The failures were generated according to an exponential distribution. I have 24 features (Period_1 to Period_24), each containing information about the historical failures for 448 subperiods. Furthermore, I have three more features consisting of Temperature, Moisture, and Pressure (generated using the Normal distribution). My intention is to predict the behavior of the failures for the next period based on these features.

I used the ROC metric and considered several strategies to deal with unbalanced data, such as oversampling, undersampling, ROSE, and ADASYN. Furthermore, I tried to use the ensemble to improve performance. I tested all the following models: gradient boosting algorithm, random forest, Classification and Regression Trees, neural networks, Bagged CART, SVM, C5.0, eXtreme Gradient Boosting, and k-Nearest Neighbors. I also tried to use regularized models but none of these strategies worked. The best result obtained was using the model "SVMRadial" considering resampling with the ROSE package.
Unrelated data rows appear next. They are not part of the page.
lemma bypass_cell_step_of_edges:
  assumes i: "i < length cs" and c: "cs ! i = Some c" and cp: "cell_step R E c p (Ps ! i) (Ps ! Suc i)"
    and b: "p' + tlen c \<le> length (snd (bypass i))"
    and top: "snd (ctop E c) = snd (subpath p' (tlen c) (bypass i))"
    and nxt: "snd (bypass (Suc i)) = snd (replace_subpath p' (tlen c) (bypass i) (cbot E c))"
    and disj: "set (inner (fst (cbot E c))) \<inter> set (fst (bypass i)) = {}"
  shows "ctop E c = subpath p' (tlen c) (bypass i) \<and> bypass (Suc i) = replace_subpath p' (tlen c) (bypass i) (cbot E c)"
proof -
  have gi: "simple_path E (bypass i)" using simple_bypass i by simp
  have gsi: "simple_path E (bypass (Suc i))" using simple_bypass i by simp
  have tne: "snd (ctop E c) \<noteq> []" using c_top_bounds[OF i c cp] by auto
  have t: "ctop E c = subpath p' (tlen c) (bypass i)"
    using simple_path_eqI[OF c_simple_top[OF i c cp] simple_path_subpath[OF gi b] top tne] .
  have lW: "length (fst (bypass i)) = Suc (length (snd (bypass i)))"
    using gi by (simp add: simple_path_def)
  have s0: "fst (cbot E c) ! 0 = fst (bypass i) ! p'"
  proof -
    have "fst (cbot E c) ! 0 = fst (ctop E c) ! 0"
      using c_bot_first[OF i c cp] c_top_first[OF i c cp] by simp
    also have "\<dots> = fst (bypass i) ! p'" using t subpath_nth(3)[OF lW b, of 0] by simp
    finally show ?thesis .
  qed
  have sk: "fst (cbot E c) ! length (snd (cbot E c)) = fst (bypass i) ! (p' + tlen c)"
  proof -
    have "fst (cbot E c) ! length (snd (cbot E c)) = fst (ctop E c) ! tlen c"
      using c_bot_last[OF i c cp] c_top_last[OF i c cp] by simp
    also have "\<dots> = fst (bypass i) ! (p' + tlen c)"
      using t subpath_nth(3)[OF lW b, of "tlen c"] by simp
    finally show ?thesis .
  qed
  have bne: "snd (cbot E c) \<noteq> []" using c_bot_length[OF i c cp] by auto
  have gs: "simple_path E (replace_subpath p' (tlen c) (bypass i) (cbot E c))"
    using simple_path_replace_subpath[OF gi b c_simple_bot[OF i c cp] bne s0 sk disj] .
  have "snd (bypass (Suc i)) \<noteq> []" using nxt bne by (simp add: replace_subpath_def)
  then have "bypass (Suc i) = replace_subpath p' (tlen c) (bypass i) (cbot E c)"
    using simple_path_eqI[OF gsi gs nxt] by simp
  then show ?thesis using t by simp
qed

lemma fresh_bypass:
  assumes i: "i < length cs" and c: "cs ! i = Some c"
  shows "set (inner (fst (cbot E c))) \<inter> set (fst (bypass i)) = {}"
proof -
  have "y \<notin> set (fst (bypass i))" if y: "y \<in> set (inner (fst (cbot E c)))" for y
  proof
    assume "y \<in> set (fst (bypass i))"
    then have "y \<in> set (fst (Ps ! i)) \<or> (y \<in> set tv \<and> i1 < i)"
      using bypass_vert_cases by blast
    then show False
    proof
      assume "y \<in> set (fst (Ps ! i))" then show False using fresh_vert[OF i c y, of i] by simp
    next
      assume "y \<in> set tv \<and> i1 < i"
      then have "y \<in> set (fst (Ps ! i1))" "i1 \<le> i" using tv_in_stage by auto
      then show False using fresh_vert[OF i c y] by blast
    qed
  qed
  then show ?thesis by blast
qed

lemma snd_bypass_inside:
  "i1 < i \<Longrightarrow> i \<le> i2 \<Longrightarrow>
    snd (bypass i) = take (mid_pos i) (snd (Ps ! i)) @ te @ drop (mid_pos i + mmid) (snd (Ps ! i))"
  using bypass_inside by (simp add: replace_subpath_def)

lemma bypass_cell_step_before_mid:
  assumes i: "i < length cs" "i1 < i" "i < i2" and c: "cs ! i = Some c"
    and cp: "cell_step R E c p (Ps ! i) (Ps ! Suc i)"
    and d: "p + tlen c \<le> mid_pos i" "mid_pos (Suc i) = mid_pos i - tlen c + blen c"
  shows "p + tlen c \<le> length (snd (bypass i)) \<and> ctop E c = subpath p (tlen c) (bypass i) \<and>
    bypass (Suc i) = replace_subpath p (tlen c) (bypass i) (cbot E c)"
proof -
  let ?n = "tlen c" and ?Es = "snd (Ps ! i)" and ?q = "mid_pos i"
  have q: "?q + mmid \<le> length ?Es" using mid_pos_spec i by simp
  note e = cell_step_edges[OF i(1) c cp] and w = snd_bypass_inside[of i] snd_bypass_inside[of "Suc i"]
  have b: "p + ?n \<le> length (snd (bypass i))" using w i d q by simp
  have "snd (ctop E c) = snd (subpath p ?n (bypass i))"
    using e w i take_drop_replace_after[of p ?n ?q mmid ?Es te] d q by (simp add: subpath_def)
  moreover have "snd (bypass (Suc i)) = snd (replace_subpath p ?n (bypass i) (cbot E c))"
    using replace_replace_commute[of p ?n ?q mmid ?Es "snd (cbot E c)" te] e w i d q
    by (simp add: replace_subpath_def)
  ultimately show ?thesis
    using bypass_cell_step_of_edges[OF i(1) c cp b] fresh_bypass[OF i(1) c] b by blast
qed

lemma bypass_cell_step_after_mid:
  assumes i: "i < length cs" "i1 < i" "i < i2" and c: "cs ! i = Some c"
    and cp: "cell_step R E c p (Ps ! i) (Ps ! Suc i)"
    and d: "mid_pos i + mmid \<le> p" "mid_pos (Suc i) = mid_pos i"
  shows "p - mmid + mlen + tlen c \<le> length (snd (bypass i)) \<and>
    ctop E c = subpath (p - mmid + mlen) (tlen c) (bypass i) \<and>
    bypass (Suc i) = replace_subpath (p - mmid + mlen) (tlen c) (bypass i) (cbot E c)"
proof -
  let ?n = "tlen c" and ?Es = "snd (Ps ! i)" and ?q = "mid_pos i" and ?p' = "p - mmid + mlen"
  have pn: "p + ?n \<le> length ?Es" using c_top_bounds[OF i(1) c cp] by simp
  note e = cell_step_edges[OF i(1) c cp] and w = snd_bypass_inside[of i] snd_bypass_inside[of "Suc i"]
  have b: "?p' + ?n \<le> length (snd (bypass i))" using w i d pn by simp
  have "snd (ctop E c) = snd (subpath ?p' ?n (bypass i))"
    using e w i take_drop_replace_before[of ?q mmid p ?n ?Es te] d pn by (simp add: subpath_def)
  moreover have "snd (bypass (Suc i)) = snd (replace_subpath ?p' ?n (bypass i) (cbot E c))"
    using replace_replace_commute[of ?q mmid p ?n ?Es te "snd (cbot E c)", symmetric] e w i d pn
    by (simp add: replace_subpath_def)
  ultimately show ?thesis
    using bypass_cell_step_of_edges[OF i(1) c cp b] fresh_bypass[OF i(1) c] b by blast
qed

lemma bypass_cell_step:
  assumes i: "i < length cs" and c: "cs ! i = Some c" and ne: "i \<noteq> i1" "i \<noteq> i2"
    and cp: "cell_step R E c p (Ps ! i) (Ps ! Suc i)"
  shows "\<exists>p'. p' + tlen c \<le> length (snd (bypass i)) \<and>
     ctop E c = subpath p' (tlen c) (bypass i) \<and> bypass (Suc i) = replace_subpath p' (tlen c) (bypass i) (cbot E c)"
proof (cases "i1 < i \<and> i < i2")
  case False
  then have "\<not> (i1 < i \<and> i \<le> i2)" "\<not> (i1 < Suc i \<and> Suc i \<le> i2)"
    using ne by auto
  then have "bypass i = Ps ! i" "bypass (Suc i) = Ps ! Suc i" using bypass_outside by auto
  then show ?thesis using c_top_bounds[OF i c cp] c_top[OF i c cp] c_next[OF i c cp]
    by (intro exI[of _ p]) simp
next
  case True
  have sil: "Suc i \<le> length cs" using i by simp
  have q: "mid_pos i + mmid \<le> length (snd (Ps ! i))" "subpath (mid_pos i) mmid (Ps ! i) = cbot E c1"
    using mid_pos_spec True by auto
  from mid_survives_step[OF conjunct1[OF True] conjunct2[OF True] c cp q] show ?thesis
  proof
    assume "p + tlen c \<le> mid_pos i \<and> mid_pos i - tlen c + blen c + mmid \<le> length (snd (Ps ! Suc i)) \<and>
      subpath (mid_pos i - tlen c + blen c) mmid (Ps ! Suc i) = cbot E c1"
    then show ?thesis using bypass_cell_step_before_mid[OF i _ _ c cp] mid_pos_eq[OF sil] True
      by blast
  next
    assume "mid_pos i + mmid \<le> p \<and> mid_pos i + mmid \<le> length (snd (Ps ! Suc i)) \<and>
      subpath (mid_pos i) mmid (Ps ! Suc i) = cbot E c1"
    then show ?thesis using bypass_cell_step_after_mid[OF i _ _ c cp] mid_pos_eq[OF sil] True
      by blast
  qed
qed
In this case, ROC = 0.7614, Sensitivity = 0.7639, and Specificity = 0.6065 for the training set and Sensitivity = 0.75, and Specificity = 0.6914 for the test set (the latter obtained through the Confusion Matrix). However, when making predictions, the trained model is resulting in high probabilities for wrong predictions. So, I would like to know if this is a problem of the training model. Also, would anyone have any idea how to improve these results?

Any help will be appreciated.

A sample of the data:

enter image description here

The code for the chosen model:

set.seed(123);
    
partition <- createDataPartition(data_failures$Period_24, p = 0.8, list = F)
trainingSet <- data_failures[partition,]
testingSet <- data_failures[-partition,]
    
train.control <- trainControl(method = "repeatedcv", number = 10, repeats = 3, sampling = "rose", classProbs = TRUE, summaryFunction = twoClassSummary)
    
model_24 <- train(Period_24 ~., data = trainingSet, method = "svmRadial", preProc = "zv", metric = "ROC", trControl = train.control)
    
print(model_24)
    
predictions <- predict(model_24, newdata = testingSet)
print(confusionMatrix(predictions, testingSet$Period_24))

I'm using R with caret package.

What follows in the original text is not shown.